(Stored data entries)
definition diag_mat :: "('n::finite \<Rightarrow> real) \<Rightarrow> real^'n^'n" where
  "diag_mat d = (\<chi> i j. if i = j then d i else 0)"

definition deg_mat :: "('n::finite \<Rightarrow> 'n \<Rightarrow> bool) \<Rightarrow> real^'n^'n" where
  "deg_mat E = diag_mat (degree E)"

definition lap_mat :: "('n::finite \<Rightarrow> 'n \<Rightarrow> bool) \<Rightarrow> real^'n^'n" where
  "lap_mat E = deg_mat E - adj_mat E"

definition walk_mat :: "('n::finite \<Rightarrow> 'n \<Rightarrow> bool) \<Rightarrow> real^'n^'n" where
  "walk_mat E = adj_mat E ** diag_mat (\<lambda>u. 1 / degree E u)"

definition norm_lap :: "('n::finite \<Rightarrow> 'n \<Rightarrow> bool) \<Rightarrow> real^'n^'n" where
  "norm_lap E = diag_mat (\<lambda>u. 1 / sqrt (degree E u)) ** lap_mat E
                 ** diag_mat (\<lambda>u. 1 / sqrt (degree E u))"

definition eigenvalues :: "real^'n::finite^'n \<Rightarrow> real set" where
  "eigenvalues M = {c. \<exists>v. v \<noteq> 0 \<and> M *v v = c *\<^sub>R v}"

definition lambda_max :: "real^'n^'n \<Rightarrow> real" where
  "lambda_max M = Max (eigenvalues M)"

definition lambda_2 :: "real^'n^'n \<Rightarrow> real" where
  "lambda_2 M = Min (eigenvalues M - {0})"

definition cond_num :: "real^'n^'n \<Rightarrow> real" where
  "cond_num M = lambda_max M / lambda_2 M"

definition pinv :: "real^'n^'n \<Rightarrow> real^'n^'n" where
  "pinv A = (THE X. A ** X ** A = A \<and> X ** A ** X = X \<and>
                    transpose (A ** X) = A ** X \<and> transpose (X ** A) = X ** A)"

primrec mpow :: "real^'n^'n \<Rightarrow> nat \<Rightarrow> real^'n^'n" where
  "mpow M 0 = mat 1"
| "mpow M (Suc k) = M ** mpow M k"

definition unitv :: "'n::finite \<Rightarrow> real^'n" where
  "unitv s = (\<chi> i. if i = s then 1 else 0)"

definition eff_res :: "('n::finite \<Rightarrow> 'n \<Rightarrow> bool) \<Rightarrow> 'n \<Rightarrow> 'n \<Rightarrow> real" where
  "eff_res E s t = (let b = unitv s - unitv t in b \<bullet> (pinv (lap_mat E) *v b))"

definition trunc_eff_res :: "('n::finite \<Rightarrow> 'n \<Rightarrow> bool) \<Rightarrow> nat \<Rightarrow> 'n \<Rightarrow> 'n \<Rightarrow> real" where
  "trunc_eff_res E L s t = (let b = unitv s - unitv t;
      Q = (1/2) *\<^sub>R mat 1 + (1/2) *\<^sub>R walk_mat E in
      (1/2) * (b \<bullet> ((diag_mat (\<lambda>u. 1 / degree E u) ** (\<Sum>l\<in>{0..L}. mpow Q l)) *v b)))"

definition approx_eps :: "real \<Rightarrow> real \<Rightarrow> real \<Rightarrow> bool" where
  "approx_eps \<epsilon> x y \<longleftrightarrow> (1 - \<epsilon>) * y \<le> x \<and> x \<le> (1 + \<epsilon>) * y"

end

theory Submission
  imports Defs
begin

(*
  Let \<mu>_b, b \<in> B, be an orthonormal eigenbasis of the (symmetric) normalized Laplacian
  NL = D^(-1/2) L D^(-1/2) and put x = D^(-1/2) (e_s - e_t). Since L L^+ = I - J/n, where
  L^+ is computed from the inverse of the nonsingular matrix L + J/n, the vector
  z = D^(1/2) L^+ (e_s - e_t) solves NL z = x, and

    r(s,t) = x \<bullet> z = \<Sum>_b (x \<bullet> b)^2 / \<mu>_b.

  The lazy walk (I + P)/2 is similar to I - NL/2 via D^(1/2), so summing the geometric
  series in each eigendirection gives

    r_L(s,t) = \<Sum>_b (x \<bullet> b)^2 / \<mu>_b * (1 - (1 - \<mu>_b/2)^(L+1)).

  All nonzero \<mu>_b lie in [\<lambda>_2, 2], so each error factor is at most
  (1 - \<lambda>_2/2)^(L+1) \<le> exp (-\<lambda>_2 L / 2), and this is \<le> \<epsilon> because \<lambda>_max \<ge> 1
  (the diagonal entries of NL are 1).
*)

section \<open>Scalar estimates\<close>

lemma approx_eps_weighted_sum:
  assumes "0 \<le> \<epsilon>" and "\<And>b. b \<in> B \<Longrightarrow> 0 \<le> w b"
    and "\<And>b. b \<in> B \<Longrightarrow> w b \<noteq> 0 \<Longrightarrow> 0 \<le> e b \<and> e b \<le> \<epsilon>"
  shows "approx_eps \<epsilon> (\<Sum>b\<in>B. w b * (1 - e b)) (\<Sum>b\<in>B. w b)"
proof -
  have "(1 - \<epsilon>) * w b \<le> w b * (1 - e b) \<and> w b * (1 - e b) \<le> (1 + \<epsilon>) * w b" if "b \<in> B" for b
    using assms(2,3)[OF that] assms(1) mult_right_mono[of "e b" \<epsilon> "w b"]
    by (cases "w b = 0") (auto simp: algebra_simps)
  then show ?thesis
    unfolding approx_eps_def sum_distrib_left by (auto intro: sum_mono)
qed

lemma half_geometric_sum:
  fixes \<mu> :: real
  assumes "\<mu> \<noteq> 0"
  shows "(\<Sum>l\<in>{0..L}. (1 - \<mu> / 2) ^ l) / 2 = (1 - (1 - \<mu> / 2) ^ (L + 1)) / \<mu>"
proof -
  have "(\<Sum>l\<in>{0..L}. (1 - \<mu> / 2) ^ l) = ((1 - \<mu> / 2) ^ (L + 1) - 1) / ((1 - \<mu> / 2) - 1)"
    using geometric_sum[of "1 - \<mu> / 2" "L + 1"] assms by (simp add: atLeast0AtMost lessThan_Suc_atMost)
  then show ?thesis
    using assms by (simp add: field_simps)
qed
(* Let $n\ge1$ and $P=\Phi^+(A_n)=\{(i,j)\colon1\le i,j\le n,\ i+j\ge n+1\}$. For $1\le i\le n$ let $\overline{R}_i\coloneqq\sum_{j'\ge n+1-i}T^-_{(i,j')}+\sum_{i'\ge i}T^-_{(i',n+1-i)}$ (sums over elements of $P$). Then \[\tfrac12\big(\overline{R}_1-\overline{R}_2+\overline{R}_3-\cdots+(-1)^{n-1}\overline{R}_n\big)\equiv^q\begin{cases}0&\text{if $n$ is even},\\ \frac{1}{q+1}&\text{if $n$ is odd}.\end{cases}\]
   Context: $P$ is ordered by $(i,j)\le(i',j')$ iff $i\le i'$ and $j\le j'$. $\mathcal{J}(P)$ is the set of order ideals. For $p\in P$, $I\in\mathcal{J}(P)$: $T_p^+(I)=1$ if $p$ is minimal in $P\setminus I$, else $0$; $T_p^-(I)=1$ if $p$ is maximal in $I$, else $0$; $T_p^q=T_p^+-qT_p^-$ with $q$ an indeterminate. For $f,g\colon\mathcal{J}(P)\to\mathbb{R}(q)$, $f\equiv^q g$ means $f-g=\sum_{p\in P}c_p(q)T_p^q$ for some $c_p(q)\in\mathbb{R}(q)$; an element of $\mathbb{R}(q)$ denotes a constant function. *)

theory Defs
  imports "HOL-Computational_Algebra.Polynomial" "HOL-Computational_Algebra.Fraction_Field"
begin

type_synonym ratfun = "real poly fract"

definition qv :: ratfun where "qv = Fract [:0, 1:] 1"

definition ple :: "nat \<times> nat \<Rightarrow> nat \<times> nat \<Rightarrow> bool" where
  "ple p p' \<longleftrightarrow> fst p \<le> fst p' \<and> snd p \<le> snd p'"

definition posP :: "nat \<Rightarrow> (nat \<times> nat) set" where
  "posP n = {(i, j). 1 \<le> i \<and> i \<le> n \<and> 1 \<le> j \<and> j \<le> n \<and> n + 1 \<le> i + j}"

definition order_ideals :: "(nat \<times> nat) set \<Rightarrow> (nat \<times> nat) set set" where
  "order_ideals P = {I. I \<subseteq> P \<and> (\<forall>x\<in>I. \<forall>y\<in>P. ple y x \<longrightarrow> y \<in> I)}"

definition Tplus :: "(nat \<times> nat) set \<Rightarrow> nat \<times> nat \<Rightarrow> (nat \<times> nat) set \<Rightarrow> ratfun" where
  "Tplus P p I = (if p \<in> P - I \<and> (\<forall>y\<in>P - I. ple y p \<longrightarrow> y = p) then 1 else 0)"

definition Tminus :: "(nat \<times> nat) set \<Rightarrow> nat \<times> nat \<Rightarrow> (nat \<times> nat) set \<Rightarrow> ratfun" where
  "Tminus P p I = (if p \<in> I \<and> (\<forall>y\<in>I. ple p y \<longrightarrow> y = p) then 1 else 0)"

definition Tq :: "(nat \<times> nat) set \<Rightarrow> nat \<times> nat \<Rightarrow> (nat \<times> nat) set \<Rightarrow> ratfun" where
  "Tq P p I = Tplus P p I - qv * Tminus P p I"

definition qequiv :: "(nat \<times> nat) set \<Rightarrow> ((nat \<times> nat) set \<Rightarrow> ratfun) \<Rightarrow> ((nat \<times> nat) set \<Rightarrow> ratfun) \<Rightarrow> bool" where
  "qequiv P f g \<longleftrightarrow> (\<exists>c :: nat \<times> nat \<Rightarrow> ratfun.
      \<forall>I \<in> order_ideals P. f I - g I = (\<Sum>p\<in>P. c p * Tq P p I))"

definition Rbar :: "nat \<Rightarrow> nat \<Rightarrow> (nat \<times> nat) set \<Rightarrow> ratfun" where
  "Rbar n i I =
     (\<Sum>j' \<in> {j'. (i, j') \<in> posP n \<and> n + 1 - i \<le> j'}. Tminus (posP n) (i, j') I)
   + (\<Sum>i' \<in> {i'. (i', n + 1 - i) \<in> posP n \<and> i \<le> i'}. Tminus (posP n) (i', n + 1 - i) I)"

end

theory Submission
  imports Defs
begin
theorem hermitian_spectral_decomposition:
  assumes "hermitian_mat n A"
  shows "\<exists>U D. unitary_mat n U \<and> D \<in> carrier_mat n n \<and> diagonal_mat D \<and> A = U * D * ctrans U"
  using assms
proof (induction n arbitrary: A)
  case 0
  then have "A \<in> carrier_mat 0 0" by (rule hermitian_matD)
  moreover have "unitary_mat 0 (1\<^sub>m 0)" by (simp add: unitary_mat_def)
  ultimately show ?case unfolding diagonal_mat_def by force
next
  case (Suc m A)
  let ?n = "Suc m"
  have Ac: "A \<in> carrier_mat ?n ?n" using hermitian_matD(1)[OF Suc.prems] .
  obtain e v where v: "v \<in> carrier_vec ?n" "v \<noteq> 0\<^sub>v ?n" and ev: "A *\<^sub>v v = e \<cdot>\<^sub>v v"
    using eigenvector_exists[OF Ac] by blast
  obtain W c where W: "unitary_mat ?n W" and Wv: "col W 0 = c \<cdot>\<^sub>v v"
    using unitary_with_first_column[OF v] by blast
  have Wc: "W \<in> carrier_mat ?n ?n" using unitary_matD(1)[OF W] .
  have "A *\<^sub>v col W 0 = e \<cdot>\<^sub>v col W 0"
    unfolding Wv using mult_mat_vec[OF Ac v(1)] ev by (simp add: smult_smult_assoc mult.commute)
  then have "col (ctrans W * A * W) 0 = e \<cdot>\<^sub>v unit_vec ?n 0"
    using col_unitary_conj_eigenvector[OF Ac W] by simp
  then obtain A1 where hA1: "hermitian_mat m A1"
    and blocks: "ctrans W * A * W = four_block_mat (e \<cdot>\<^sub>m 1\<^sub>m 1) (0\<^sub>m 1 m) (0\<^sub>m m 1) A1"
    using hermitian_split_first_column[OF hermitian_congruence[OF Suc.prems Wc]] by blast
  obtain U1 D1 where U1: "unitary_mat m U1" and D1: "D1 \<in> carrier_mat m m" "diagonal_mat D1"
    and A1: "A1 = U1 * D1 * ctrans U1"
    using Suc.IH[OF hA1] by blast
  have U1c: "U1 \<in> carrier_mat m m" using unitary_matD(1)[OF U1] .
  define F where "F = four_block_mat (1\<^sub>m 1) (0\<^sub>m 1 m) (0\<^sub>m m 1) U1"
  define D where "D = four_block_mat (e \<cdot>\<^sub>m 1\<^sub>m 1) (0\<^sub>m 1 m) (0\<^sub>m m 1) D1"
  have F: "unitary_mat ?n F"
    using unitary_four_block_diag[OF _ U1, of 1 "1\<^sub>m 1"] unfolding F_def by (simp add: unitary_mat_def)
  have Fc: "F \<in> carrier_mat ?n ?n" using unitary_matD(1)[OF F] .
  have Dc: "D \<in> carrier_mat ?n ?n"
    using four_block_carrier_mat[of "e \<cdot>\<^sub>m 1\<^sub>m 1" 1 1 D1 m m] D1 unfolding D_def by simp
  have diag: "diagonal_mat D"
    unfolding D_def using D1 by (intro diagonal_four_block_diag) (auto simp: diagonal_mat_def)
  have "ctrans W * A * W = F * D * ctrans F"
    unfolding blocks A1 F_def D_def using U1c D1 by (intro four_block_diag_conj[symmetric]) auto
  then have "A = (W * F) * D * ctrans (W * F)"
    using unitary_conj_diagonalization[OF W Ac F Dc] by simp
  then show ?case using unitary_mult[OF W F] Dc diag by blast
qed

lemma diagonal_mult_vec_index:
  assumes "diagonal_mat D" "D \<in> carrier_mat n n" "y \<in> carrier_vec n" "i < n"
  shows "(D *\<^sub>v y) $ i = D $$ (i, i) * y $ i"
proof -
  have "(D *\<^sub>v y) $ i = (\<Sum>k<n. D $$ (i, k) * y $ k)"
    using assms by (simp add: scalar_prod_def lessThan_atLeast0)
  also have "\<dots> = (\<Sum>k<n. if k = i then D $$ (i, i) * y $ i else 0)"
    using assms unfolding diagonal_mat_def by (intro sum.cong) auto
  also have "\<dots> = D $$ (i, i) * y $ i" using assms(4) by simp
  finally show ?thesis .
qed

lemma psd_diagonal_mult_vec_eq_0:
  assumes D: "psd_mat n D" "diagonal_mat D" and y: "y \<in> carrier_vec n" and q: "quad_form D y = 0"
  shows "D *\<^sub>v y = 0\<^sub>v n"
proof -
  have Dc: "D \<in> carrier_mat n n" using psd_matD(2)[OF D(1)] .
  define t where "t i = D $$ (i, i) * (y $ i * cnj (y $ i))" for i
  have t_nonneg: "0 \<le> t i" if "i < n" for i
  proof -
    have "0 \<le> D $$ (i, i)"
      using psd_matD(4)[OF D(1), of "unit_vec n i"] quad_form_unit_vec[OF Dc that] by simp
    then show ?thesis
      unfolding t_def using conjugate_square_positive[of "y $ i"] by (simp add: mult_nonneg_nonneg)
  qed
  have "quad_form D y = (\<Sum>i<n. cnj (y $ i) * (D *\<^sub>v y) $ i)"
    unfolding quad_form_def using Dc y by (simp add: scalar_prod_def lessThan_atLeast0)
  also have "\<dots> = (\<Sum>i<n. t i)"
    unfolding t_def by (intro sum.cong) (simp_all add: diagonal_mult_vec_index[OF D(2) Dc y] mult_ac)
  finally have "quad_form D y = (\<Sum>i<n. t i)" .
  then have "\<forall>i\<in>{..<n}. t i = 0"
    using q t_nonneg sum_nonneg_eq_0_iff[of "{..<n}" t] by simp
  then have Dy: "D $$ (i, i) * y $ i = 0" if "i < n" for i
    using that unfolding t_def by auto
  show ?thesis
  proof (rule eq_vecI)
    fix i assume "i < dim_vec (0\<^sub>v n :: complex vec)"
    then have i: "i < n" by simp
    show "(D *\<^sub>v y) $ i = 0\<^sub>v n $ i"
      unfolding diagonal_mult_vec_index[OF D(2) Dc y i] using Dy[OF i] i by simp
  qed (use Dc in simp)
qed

**Exercise objective**:
Give back the records word for word. Start at the first line, end at the line containing "E = deg_mat", and include both.

**Solution below**:
definition diag_mat :: "('n::finite \<Rightarrow> real) \<Rightarrow> real^'n^'n" where
  "diag_mat d = (\<chi> i j. if i = j then d i else 0)"

definition deg_mat :: "('n::finite \<Rightarrow> 'n \<Rightarrow> bool) \<Rightarrow> real^'n^'n" where
  "deg_mat E = diag_mat (degree E)"

definition lap_mat :: "('n::finite \<Rightarrow> 'n \<Rightarrow> bool) \<Rightarrow> real^'n^'n" where
  "lap_mat E = deg_mat E - adj_mat E"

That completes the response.